» **INSTRUCTIONS FOR THE TASK**
Every line of the material below that contains the string "dots" must appear in the answer.

"""

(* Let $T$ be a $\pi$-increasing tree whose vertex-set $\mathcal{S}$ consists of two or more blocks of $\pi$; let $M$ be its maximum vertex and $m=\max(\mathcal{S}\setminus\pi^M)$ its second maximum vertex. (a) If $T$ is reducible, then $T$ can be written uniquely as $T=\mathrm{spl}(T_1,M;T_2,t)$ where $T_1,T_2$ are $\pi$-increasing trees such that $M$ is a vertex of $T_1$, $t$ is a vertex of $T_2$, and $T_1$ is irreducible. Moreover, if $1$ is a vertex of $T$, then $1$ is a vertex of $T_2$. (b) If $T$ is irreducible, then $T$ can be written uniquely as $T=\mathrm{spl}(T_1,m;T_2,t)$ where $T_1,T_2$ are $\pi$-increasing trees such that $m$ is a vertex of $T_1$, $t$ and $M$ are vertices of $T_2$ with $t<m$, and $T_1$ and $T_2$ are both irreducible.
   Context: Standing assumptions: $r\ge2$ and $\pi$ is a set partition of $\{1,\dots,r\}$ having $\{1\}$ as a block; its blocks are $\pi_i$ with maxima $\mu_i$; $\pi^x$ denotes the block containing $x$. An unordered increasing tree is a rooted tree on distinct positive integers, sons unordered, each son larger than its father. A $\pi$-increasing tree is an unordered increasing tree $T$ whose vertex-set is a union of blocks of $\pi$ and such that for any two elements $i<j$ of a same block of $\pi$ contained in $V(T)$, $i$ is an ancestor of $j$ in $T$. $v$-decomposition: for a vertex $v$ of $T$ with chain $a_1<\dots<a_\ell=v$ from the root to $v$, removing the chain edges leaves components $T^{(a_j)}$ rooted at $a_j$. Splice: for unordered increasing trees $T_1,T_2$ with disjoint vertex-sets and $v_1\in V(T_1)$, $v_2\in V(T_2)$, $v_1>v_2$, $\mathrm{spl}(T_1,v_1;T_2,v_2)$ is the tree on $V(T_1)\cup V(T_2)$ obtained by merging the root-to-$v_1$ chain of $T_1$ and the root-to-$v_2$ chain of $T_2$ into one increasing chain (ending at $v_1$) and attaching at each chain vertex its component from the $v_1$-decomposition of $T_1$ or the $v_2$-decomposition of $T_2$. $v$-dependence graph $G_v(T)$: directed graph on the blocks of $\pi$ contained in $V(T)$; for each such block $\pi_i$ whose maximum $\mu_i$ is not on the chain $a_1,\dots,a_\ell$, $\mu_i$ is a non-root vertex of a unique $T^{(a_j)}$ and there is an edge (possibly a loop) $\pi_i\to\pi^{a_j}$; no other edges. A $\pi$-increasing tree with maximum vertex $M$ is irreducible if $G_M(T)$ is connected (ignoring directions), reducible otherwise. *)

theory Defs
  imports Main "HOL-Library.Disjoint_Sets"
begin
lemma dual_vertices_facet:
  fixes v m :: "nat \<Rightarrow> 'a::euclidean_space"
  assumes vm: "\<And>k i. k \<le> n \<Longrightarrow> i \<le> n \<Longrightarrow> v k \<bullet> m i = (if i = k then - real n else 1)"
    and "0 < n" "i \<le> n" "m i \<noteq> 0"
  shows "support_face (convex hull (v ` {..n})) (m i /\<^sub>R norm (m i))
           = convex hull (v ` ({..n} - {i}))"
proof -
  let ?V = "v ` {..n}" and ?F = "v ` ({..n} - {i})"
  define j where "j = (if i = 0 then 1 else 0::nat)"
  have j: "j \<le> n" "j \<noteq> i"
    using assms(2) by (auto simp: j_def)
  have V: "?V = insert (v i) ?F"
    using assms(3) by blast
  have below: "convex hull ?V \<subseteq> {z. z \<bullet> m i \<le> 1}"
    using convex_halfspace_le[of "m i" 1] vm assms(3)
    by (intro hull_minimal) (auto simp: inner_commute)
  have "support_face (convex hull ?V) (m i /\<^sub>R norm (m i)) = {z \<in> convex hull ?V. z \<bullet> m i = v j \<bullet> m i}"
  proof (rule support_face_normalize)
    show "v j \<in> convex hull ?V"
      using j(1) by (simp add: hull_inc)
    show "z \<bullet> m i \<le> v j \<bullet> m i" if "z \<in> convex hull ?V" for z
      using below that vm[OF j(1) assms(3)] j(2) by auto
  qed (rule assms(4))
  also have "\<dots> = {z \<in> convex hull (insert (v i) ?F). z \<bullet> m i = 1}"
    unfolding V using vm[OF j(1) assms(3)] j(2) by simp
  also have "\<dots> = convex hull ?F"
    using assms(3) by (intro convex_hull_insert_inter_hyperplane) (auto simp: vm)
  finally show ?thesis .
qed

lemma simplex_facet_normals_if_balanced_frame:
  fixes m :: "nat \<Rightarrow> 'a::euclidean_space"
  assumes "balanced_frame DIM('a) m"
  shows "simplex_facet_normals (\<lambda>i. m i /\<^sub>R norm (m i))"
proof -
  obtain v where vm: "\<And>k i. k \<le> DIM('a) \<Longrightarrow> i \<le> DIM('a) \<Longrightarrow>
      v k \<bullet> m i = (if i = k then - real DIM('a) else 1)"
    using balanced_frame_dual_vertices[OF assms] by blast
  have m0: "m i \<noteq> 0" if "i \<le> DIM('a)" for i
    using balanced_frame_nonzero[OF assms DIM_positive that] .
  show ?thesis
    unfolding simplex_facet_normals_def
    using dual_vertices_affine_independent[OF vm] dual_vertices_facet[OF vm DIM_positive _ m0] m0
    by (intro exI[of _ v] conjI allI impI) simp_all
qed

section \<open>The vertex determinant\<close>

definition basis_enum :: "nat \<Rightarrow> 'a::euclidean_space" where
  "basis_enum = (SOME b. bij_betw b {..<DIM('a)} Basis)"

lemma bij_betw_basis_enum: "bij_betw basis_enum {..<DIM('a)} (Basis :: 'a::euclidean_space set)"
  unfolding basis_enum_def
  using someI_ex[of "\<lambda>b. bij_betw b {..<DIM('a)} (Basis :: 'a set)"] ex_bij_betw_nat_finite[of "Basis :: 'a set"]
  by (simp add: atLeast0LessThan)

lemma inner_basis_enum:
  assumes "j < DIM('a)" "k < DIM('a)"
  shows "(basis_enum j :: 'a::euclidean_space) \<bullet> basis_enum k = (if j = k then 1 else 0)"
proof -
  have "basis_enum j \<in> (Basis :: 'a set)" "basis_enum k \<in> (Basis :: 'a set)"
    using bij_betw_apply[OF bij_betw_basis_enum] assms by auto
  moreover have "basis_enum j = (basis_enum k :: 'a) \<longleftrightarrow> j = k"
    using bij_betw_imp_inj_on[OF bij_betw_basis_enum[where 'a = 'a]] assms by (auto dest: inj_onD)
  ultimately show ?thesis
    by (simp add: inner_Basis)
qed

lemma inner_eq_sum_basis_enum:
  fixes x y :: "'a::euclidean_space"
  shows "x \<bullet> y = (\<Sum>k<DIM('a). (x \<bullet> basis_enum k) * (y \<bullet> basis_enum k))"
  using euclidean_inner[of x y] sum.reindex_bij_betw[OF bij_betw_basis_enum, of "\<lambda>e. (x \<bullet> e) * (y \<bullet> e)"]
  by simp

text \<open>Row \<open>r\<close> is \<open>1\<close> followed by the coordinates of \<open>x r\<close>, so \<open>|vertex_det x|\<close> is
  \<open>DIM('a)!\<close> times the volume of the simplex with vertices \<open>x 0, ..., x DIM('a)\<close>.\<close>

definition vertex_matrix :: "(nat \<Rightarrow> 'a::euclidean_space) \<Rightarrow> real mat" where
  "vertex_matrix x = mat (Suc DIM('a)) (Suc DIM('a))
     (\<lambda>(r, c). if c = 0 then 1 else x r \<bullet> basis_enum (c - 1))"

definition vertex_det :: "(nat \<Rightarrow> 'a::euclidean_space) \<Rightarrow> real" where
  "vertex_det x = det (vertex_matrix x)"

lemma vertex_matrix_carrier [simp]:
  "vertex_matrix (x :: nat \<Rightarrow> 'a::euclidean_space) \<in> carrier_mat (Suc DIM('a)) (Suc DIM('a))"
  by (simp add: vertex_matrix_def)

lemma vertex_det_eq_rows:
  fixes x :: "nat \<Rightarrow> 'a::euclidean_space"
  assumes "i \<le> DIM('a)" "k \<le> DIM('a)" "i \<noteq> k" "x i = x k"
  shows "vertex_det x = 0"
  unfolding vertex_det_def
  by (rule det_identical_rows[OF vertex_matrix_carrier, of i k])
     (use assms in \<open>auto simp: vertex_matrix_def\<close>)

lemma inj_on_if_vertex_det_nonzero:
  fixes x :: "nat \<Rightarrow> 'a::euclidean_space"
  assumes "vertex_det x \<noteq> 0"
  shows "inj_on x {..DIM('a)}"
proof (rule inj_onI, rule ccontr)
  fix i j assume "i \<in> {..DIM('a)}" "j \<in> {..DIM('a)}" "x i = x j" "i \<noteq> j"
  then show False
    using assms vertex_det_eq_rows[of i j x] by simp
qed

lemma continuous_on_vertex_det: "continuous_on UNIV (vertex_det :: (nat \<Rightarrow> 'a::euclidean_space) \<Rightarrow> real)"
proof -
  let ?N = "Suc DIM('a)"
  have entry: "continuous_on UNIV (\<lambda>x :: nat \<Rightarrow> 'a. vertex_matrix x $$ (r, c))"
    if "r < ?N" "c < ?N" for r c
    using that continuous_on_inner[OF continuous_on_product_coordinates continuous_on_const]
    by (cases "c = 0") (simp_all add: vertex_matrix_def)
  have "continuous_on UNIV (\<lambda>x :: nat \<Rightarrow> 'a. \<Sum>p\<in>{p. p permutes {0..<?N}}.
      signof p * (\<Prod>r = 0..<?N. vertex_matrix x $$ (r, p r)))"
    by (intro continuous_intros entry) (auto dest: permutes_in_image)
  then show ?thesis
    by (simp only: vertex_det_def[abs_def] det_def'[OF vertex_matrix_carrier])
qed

"""

» **REPLY**
   Context: Standing assumptions: $r\ge2$ and $\pi$ is a set partition of $\{1,\dots,r\}$ having $\{1\}$ as a block; its blocks are $\pi_i$ with maxima $\mu_i$; $\pi^x$ denotes the block containing $x$. An unordered increasing tree is a rooted tree on distinct positive integers, sons unordered, each son larger than its father. A $\pi$-increasing tree is an unordered increasing tree $T$ whose vertex-set is a union of blocks of $\pi$ and such that for any two elements $i<j$ of a same block of $\pi$ contained in $V(T)$, $i$ is an ancestor of $j$ in $T$. $v$-decomposition: for a vertex $v$ of $T$ with chain $a_1<\dots<a_\ell=v$ from the root to $v$, removing the chain edges leaves components $T^{(a_j)}$ rooted at $a_j$. Splice: for unordered increasing trees $T_1,T_2$ with disjoint vertex-sets and $v_1\in V(T_1)$, $v_2\in V(T_2)$, $v_1>v_2$, $\mathrm{spl}(T_1,v_1;T_2,v_2)$ is the tree on $V(T_1)\cup V(T_2)$ obtained by merging the root-to-$v_1$ chain of $T_1$ and the root-to-$v_2$ chain of $T_2$ into one increasing chain (ending at $v_1$) and attaching at each chain vertex its component from the $v_1$-decomposition of $T_1$ or the $v_2$-decomposition of $T_2$. $v$-dependence graph $G_v(T)$: directed graph on the blocks of $\pi$ contained in $V(T)$; for each such block $\pi_i$ whose maximum $\mu_i$ is not on the chain $a_1,\dots,a_\ell$, $\mu_i$ is a non-root vertex of a unique $T^{(a_j)}$ and there is an edge (possibly a loop) $\pi_i\to\pi^{a_j}$; no other edges. A $\pi$-increasing tree with maximum vertex $M$ is irreducible if $G_M(T)$ is connected (ignoring directions), reducible otherwise. *)
  also have "\<dots> = {z \<in> convex hull (insert (v i) ?F). z \<bullet> m i = 1}"
  also have "\<dots> = convex hull ?F"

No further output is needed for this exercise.